(* There are infinitely many positive integers $N$ for which there are infinitely many pairs $(A,B)$ of antipalindromic numbers with $N=A/B$.
   Context: A positive integer $n$ is antipalindromic if its binary representation $w=w_1\cdots w_L$ (most significant digit first, no leading zeros) has even length $L$ and satisfies $w_i+w_{L+1-i}=1$ for all $i$. *)

theory Defs
  imports Main
begin

fun bin_lsb :: "nat \<Rightarrow> nat list" where
  "bin_lsb n = (if n = 0 then [] else n mod 2 # bin_lsb (n div 2))"

definition binary_digits :: "nat \<Rightarrow> nat list" where
  "binary_digits n = rev (bin_lsb n)"

definition antipalindromic :: "nat \<Rightarrow> bool" where
  "antipalindromic n \<longleftrightarrow> n > 0 \<and>
     (let w = binary_digits n; L = length w in
        even L \<and> (\<forall>i<L. w ! i + w ! (L - 1 - i) = 1))"

end

theory Submission
  imports Defs
begin

text \<open>
  For \<open>a = 2^m\<close> put \<open>N = a (2a - 1)\<close>. Written least significant bit first, the block
  \<open>y = 1^(m+2) 0^(m+2)\<close> has value \<open>4a - 1\<close> and the block \<open>x = 1 0^m 1 0 1^m 0\<close> has value
  \<open>1 + 2a + 8a(a - 1) = (2a - 1)(4a - 1)\<close>; both have length \<open>2m + 4\<close> and are fixed by
  complementing and reversing. Hence for every \<open>j\<close> the words \<open>B = 0 y^j 1\<close> and
  \<open>A = 0^(m+1) x^j 1^(m+1)\<close> are antipalindromic, and comparing values block by block gives
  \<open>A = N B\<close>. Varying \<open>j\<close> gives infinitely many pairs, varying \<open>m\<close> infinitely many \<open>N\<close>.
\<close>

abbreviation bin_val :: "nat list \<Rightarrow> nat" where
  "bin_val w \<equiv> horner_sum id 2 w"

definition canonical_binary :: "nat list \<Rightarrow> bool" where
  "canonical_binary w \<longleftrightarrow> set w \<subseteq> {0, 1} \<and> (w \<noteq> [] \<longrightarrow> last w = 1)"

definition flip_rev :: "nat list \<Rightarrow> nat list" where
  "flip_rev w = map (\<lambda>b. 1 - b) (rev w)"

(* The defining equation of bin_lsb has no constructor pattern, so as a simp rule it would unfold forever. *)
declare bin_lsb.simps [simp del]

lemma bin_lsb_0 [simp]: "bin_lsb 0 = []"
  by (simp add: bin_lsb.simps)

lemma bin_lsb_pos: "n > 0 \<Longrightarrow> bin_lsb n = n mod 2 # bin_lsb (n div 2)"
  by (simp add: bin_lsb.simps)

lemma antipalindromic_pos: "antipalindromic n \<Longrightarrow> n > 0"
  by (simp add: antipalindromic_def)

lemma bin_val_pos: "w \<noteq> [] \<Longrightarrow> last w = 1 \<Longrightarrow> bin_val w > 0"
  by (induction w) (auto split: if_splits)

lemma bin_lsb_bin_val:
  assumes "canonical_binary w"
  shows "bin_lsb (bin_val w) = w"
  using assms
proof (induction w)
  case Nil
  then show ?case by simp
next
  case (Cons b w)
  then have b: "b \<le> 1" and w: "canonical_binary w"
    by (auto simp: canonical_binary_def split: if_splits)
  show ?case
  proof (cases "w = []")
    case True
    with Cons.prems show ?thesis by (simp add: canonical_binary_def bin_lsb_pos)
  next
    case False
    with Cons.prems have "bin_val w > 0"
      by (intro bin_val_pos) (auto simp: canonical_binary_def)
    with b have pos: "bin_val (b # w) > 0"
      and "bin_val (b # w) mod 2 = b" "bin_val (b # w) div 2 = bin_val w"
      by auto
    with Cons.IH[OF w] show ?thesis by (simp only: bin_lsb_pos[OF pos])
  qed
qed

lemma inj_on_bin_val: "inj_on bin_val {w. canonical_binary w}"
  by (rule inj_on_inverseI[where g = bin_lsb]) (simp add: bin_lsb_bin_val)

lemma antipalindromic_bin_val:
  assumes "canonical_binary w" "w \<noteq> []" "flip_rev w = w" "even (length w)"
  shows "antipalindromic (bin_val w)"
proof -
  let ?L = "length w"
  have digits: "binary_digits (bin_val w) = rev w"
    unfolding binary_digits_def using bin_lsb_bin_val[OF assms(1)] by simp
  have "w ! i + w ! (?L - 1 - i) = 1" if "i < ?L" for i
  proof -
    have flip: "w ! i = 1 - w ! (?L - 1 - i)"
      using that arg_cong[OF assms(3), of "\<lambda>u. u ! i"] by (simp add: flip_rev_def rev_nth)
    have "w ! (?L - 1 - i) \<in> set w"
      using that by simp
    then have "w ! (?L - 1 - i) \<le> 1"
      using assms(1) by (auto simp: canonical_binary_def)
    with flip show ?thesis by linarith
  qed
  then have "(rev w) ! i + (rev w) ! (?L - 1 - i) = 1" if "i < ?L" for i
    using that by (simp add: rev_nth add.commute)
  moreover have "bin_val w > 0"
    using assms(1,2) bin_val_pos by (simp add: canonical_binary_def)
  ultimately show ?thesis
    unfolding antipalindromic_def Let_def digits using assms(4) by simp
qed

lemma flip_rev_append: "flip_rev (x @ y) = flip_rev y @ flip_rev x"
  by (simp add: flip_rev_def)

lemma flip_rev_singleton: "flip_rev [b] = [1 - b]"
  by (simp add: flip_rev_def)

lemma flip_rev_replicate: "flip_rev (replicate n b) = replicate n (1 - b)"
  by (simp add: flip_rev_def)

lemma flip_rev_concat: "flip_rev (concat ws) = concat (rev (map flip_rev ws))"
  unfolding flip_rev_def by (simp add: rev_concat map_concat rev_map comp_def)

lemma bin_val_replicate_0: "bin_val (replicate n 0) = 0"
  by (induction n) auto

lemma bin_val_replicate_1: "bin_val (replicate n 1) + 1 = 2 ^ n"
  by (induction n) auto

lemma bin_val_concat_replicate:
  "bin_val (concat (replicate j w)) = bin_val w * (\<Sum>i<j. 2 ^ (i * length w))"
  by (induction j) (simp_all add: horner_sum_append sum.lessThan_Suc_shift sum_distrib_left
      power_add algebra_simps del: sum.lessThan_Suc)

definition numer_block :: "nat \<Rightarrow> nat list" where
  "numer_block m = [1] @ replicate m 0 @ [1, 0] @ replicate m 1 @ [0]"

definition denom_block :: "nat \<Rightarrow> nat list" where
  "denom_block m = replicate (m + 2) 1 @ replicate (m + 2) 0"

definition numer_word :: "nat \<Rightarrow> nat \<Rightarrow> nat list" where
  "numer_word m j = replicate (m + 1) 0 @ concat (replicate j (numer_block m)) @ replicate (m + 1) 1"

definition denom_word :: "nat \<Rightarrow> nat \<Rightarrow> nat list" where
  "denom_word m j = [0] @ concat (replicate j (denom_block m)) @ [1]"

definition ratio :: "nat \<Rightarrow> nat" where
  "ratio m = 2 ^ m * (2 ^ (m + 1) - 1)"

lemma one_less_two_power_Suc: "(1 :: nat) < 2 ^ Suc m"
  by (induction m) auto

lemma length_numer_block: "length (numer_block m) = 2 * m + 4"
  by (simp add: numer_block_def)

lemma length_denom_block: "length (denom_block m) = 2 * m + 4"
  by (simp add: denom_block_def)

lemma length_denom_word: "length (denom_word m j) = j * (2 * m + 4) + 2"
  by (simp add: denom_word_def length_concat sum_list_replicate length_denom_block)

lemma bin_val_numer_block:
  "bin_val (numer_block m) = (2 ^ (m + 1) - 1) * bin_val (denom_block m)"
proof -
  define k where "k = bin_val (replicate m 1)"
  have pow: "2 ^ m = k + 1"
    using bin_val_replicate_1[of m] by (simp add: k_def)
  have "bin_val (numer_block m) = 1 + 2 * 2 ^ m + 8 * 2 ^ m * k"
    by (simp add: numer_block_def horner_sum_append bin_val_replicate_0 k_def algebra_simps)
  also have "\<dots> = (2 * k + 1) * (4 * k + 3)"
    unfolding pow by (simp add: algebra_simps)
  also have "4 * k + 3 = bin_val (denom_block m)"
    by (simp add: denom_block_def horner_sum_append bin_val_replicate_0 k_def)
  also have "2 * k + 1 = 2 ^ (m + 1) - 1"
    using pow by simp
  finally show ?thesis .
qed

lemma bin_val_numer_word: "bin_val (numer_word m j) = ratio m * bin_val (denom_word m j)"
proof -
  let ?q = "2 ^ (m + 1) - 1 :: nat"
  define S where "S = bin_val (concat (replicate j (denom_block m)))"
  define T where "T = (2 :: nat) ^ (j * (2 * m + 4))"
  have "bin_val (concat (replicate j (numer_block m))) = ?q * S"
    by (simp add: S_def bin_val_concat_replicate bin_val_numer_block
        length_numer_block length_denom_block)
  moreover have "bin_val (replicate (m + 1) 1) = ?q"
    using bin_val_replicate_1[of "m + 1"] by simp
  ultimately have "bin_val (numer_word m j) = 2 ^ (m + 1) * (?q * S + T * ?q)"
    by (simp add: numer_word_def horner_sum_append bin_val_replicate_0 T_def
        length_concat sum_list_replicate length_numer_block)
  moreover have "bin_val (denom_word m j) = 2 * (S + T)"
    by (simp add: denom_word_def horner_sum_append S_def T_def
        length_concat sum_list_replicate length_denom_block)
  ultimately show ?thesis
    by (simp add: ratio_def algebra_simps)
qed

lemma flip_rev_numer_block: "flip_rev (numer_block m) = numer_block m"
  by (simp add: numer_block_def flip_rev_def)

lemma flip_rev_denom_block: "flip_rev (denom_block m) = denom_block m"
  unfolding denom_block_def flip_rev_append flip_rev_replicate by simp

lemma canonical_numer_word: "canonical_binary (numer_word m j)"
  by (auto simp: canonical_binary_def numer_word_def numer_block_def)

lemma canonical_denom_word: "canonical_binary (denom_word m j)"
  by (auto simp: canonical_binary_def denom_word_def denom_block_def)

lemma antipalindromic_numer_word: "antipalindromic (bin_val (numer_word m j))"
proof (rule antipalindromic_bin_val[OF canonical_numer_word])
  show "flip_rev (numer_word m j) = numer_word m j"
    unfolding numer_word_def flip_rev_append flip_rev_replicate flip_rev_concat
    by (simp add: flip_rev_numer_block)
  show "even (length (numer_word m j))"
    by (simp add: numer_word_def length_concat sum_list_replicate length_numer_block)
qed (simp add: numer_word_def)

lemma antipalindromic_denom_word: "antipalindromic (bin_val (denom_word m j))"
proof (rule antipalindromic_bin_val[OF canonical_denom_word])
  show "flip_rev (denom_word m j) = denom_word m j"
    unfolding denom_word_def flip_rev_append flip_rev_singleton flip_rev_concat
    by (simp add: flip_rev_denom_block)
  show "even (length (denom_word m j))"
    by (simp add: length_denom_word)
qed (simp add: denom_word_def)

lemma inj_bin_val_denom_word: "inj (\<lambda>j. bin_val (denom_word m j))"
proof (rule injI)
  fix j j'
  assume "bin_val (denom_word m j) = bin_val (denom_word m j')"
  then have "denom_word m j = denom_word m j'"
    using inj_on_bin_val canonical_denom_word by (auto dest: inj_onD)
  then have "length (denom_word m j) = length (denom_word m j')"
    by simp
  then show "j = j'"
    by (simp add: length_denom_word)
qed

lemma strict_mono_ratio: "strict_mono ratio"
  unfolding strict_mono_Suc_iff
proof
  fix m
  have "(2::nat) ^ (m + 1) - 1 \<le> 2 ^ (m + 2) - 1"
    by simp
  then show "ratio m < ratio (Suc m)"
    unfolding ratio_def using one_less_two_power_Suc[of m]
    by (intro mult_less_le_imp_less) auto
qed

theorem theorem20:
  shows "infinite {N :: nat. N > 0 \<and>
           infinite {(A, B). (A::nat) > 0 \<and> (B::nat) > 0 \<and> antipalindromic A \<and> antipalindromic B \<and> A = N * B}}"
proof -
  let ?pairs = "\<lambda>N. {(A, B). (A::nat) > 0 \<and> (B::nat) > 0 \<and> antipalindromic A \<and> antipalindromic B \<and> A = N * B}"
  let ?witness = "\<lambda>m j. (bin_val (numer_word m j), bin_val (denom_word m j))"
  have "range (?witness m) \<subseteq> ?pairs (ratio m)" for m
    using antipalindromic_numer_word antipalindromic_denom_word bin_val_numer_word
    by (auto intro: antipalindromic_pos)
  moreover have "inj (?witness m)" for m
    using inj_bin_val_denom_word by (auto simp: inj_def)
  ultimately have "infinite (?pairs (ratio m))" for m
    unfolding infinite_iff_countable_subset by blast
  moreover have "ratio m > 0" for m
    using one_less_two_power_Suc[of m] by (simp add: ratio_def)
  ultimately have "range ratio \<subseteq> {N. N > 0 \<and> infinite (?pairs N)}"
    by blast
  then show ?thesis
    unfolding infinite_iff_countable_subset using strict_mono_ratio strict_mono_imp_inj_on by blast
qed

end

======

▸ Instructions to follow:
Extract exactly the leading lines of the data, stopping at and including the line with "n \<longleftrightarrow> n > 0 \<and>".

▸ Answer section:
(* There are infinitely many positive integers $N$ for which there are infinitely many pairs $(A,B)$ of antipalindromic numbers with $N=A/B$.
   Context: A positive integer $n$ is antipalindromic if its binary representation $w=w_1\cdots w_L$ (most significant digit first, no leading zeros) has even length $L$ and satisfies $w_i+w_{L+1-i}=1$ for all $i$. *)

theory Defs
  imports Main
begin

fun bin_lsb :: "nat \<Rightarrow> nat list" where
  "bin_lsb n = (if n = 0 then [] else n mod 2 # bin_lsb (n div 2))"

definition binary_digits :: "nat \<Rightarrow> nat list" where
  "binary_digits n = rev (bin_lsb n)"

definition antipalindromic :: "nat \<Rightarrow> bool" where
  "antipalindromic n \<longleftrightarrow> n > 0 \<and>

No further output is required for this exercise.